=== WHAT YOU WILL DO ===
An exact transcription of all the entries below is required.

▬▬▬

text \<open>Both sides are monic of degree q, and their difference vanishes at the q constants
  because c^q = c.\<close>
lemma prod_linear_eq_monom_card:
  "(\<Prod>c\<in>UNIV. [:fls_const c, 1:]) = (monom 1 CARD('a) - monom 1 1 :: 'a::{field,finite} fls poly)"
  (is "?P = ?R")
proof (rule ccontr)
  assume "?P \<noteq> ?R"
  then have D: "?P - ?R \<noteq> 0"
    by simp
  have q: "2 \<le> CARD('a)"
    by (rule card_field_ge_2)
  have deg: "degree ?P = CARD('a)"
    by (simp add: degree_prod_sum_eq)
  have lc: "lead_coeff ?P = 1"
    by (simp add: lead_coeff_prod)
  have coeff_high: "coeff (?P - ?R) k = 0" if "CARD('a) \<le> k" for k
  proof (cases "k = CARD('a)")
    case True
    then show ?thesis
      using lc deg q by (simp add: coeff_monom)
  next
    case False
    then show ?thesis
      using that deg q by (simp add: coeff_monom coeff_eq_0)
  qed
  have "degree (?P - ?R) \<le> CARD('a) - 1"
    by (rule degree_le) (use coeff_high in auto)
  have "range fls_const \<subseteq> {x. poly (?P - ?R) x = (0::'a fls)}"
  proof safe
    fix d :: 'a
    have "poly ?P (fls_const d) = 0"
      unfolding poly_prod by (rule prod_zero) (auto simp: fls_plus_const intro!: exI[of _ "- d"])
    then show "poly (?P - ?R) (fls_const d) = 0"
      by (simp add: poly_monom power_card_eq_self flip: fls_const_power)
  qed
  then have "card (range (fls_const :: 'a \<Rightarrow> 'a fls)) \<le> card {x. poly (?P - ?R) x = 0}"
    by (intro card_mono poly_roots_finite D)
  also have "\<dots> \<le> degree (?P - ?R)"
    by (rule card_poly_roots_bound[OF D])
  also have "card (range (fls_const :: 'a \<Rightarrow> 'a fls)) = CARD('a)"
    by (rule card_image, rule injI) (metis fls_const_nth)
  finally show False
    using \<open>degree (?P - ?R) \<le> CARD('a) - 1\<close> q by simp
qed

▬▬▬

=== FINAL ANSWER ===
text \<open>Both sides are monic of degree q, and their difference vanishes at the q constants
  because c^q = c.\<close>
lemma prod_linear_eq_monom_card:
  "(\<Prod>c\<in>UNIV. [:fls_const c, 1:]) = (monom 1 CARD('a) - monom 1 1 :: 'a::{field,finite} fls poly)"
  (is "?P = ?R")
proof (rule ccontr)
  assume "?P \<noteq> ?R"
  then have D: "?P - ?R \<noteq> 0"
    by simp
  have q: "2 \<le> CARD('a)"
    by (rule card_field_ge_2)
  have deg: "degree ?P = CARD('a)"
    by (simp add: degree_prod_sum_eq)
  have lc: "lead_coeff ?P = 1"
    by (simp add: lead_coeff_prod)
  have coeff_high: "coeff (?P - ?R) k = 0" if "CARD('a) \<le> k" for k
  proof (cases "k = CARD('a)")
    case True
    then show ?thesis
      using lc deg q by (simp add: coeff_monom)
  next
    case False
    then show ?thesis
      using that deg q by (simp add: coeff_monom coeff_eq_0)
  qed
  have "degree (?P - ?R) \<le> CARD('a) - 1"
    by (rule degree_le) (use coeff_high in auto)
  have "range fls_const \<subseteq> {x. poly (?P - ?R) x = (0::'a fls)}"
  proof safe
    fix d :: 'a
    have "poly ?P (fls_const d) = 0"
      unfolding poly_prod by (rule prod_zero) (auto simp: fls_plus_const intro!: exI[of _ "- d"])
    then show "poly (?P - ?R) (fls_const d) = 0"
      by (simp add: poly_monom power_card_eq_self flip: fls_const_power)
  qed
  then have "card (range (fls_const :: 'a \<Rightarrow> 'a fls)) \<le> card {x. poly (?P - ?R) x = 0}"
    by (intro card_mono poly_roots_finite D)
  also have "\<dots> \<le> degree (?P - ?R)"
    by (rule card_poly_roots_bound[OF D])
  also have "card (range (fls_const :: 'a \<Rightarrow> 'a fls)) = CARD('a)"
    by (rule card_image, rule injI) (metis fls_const_nth)
  finally show False
    using \<open>degree (?P - ?R) \<le> CARD('a) - 1\<close> q by simp
qed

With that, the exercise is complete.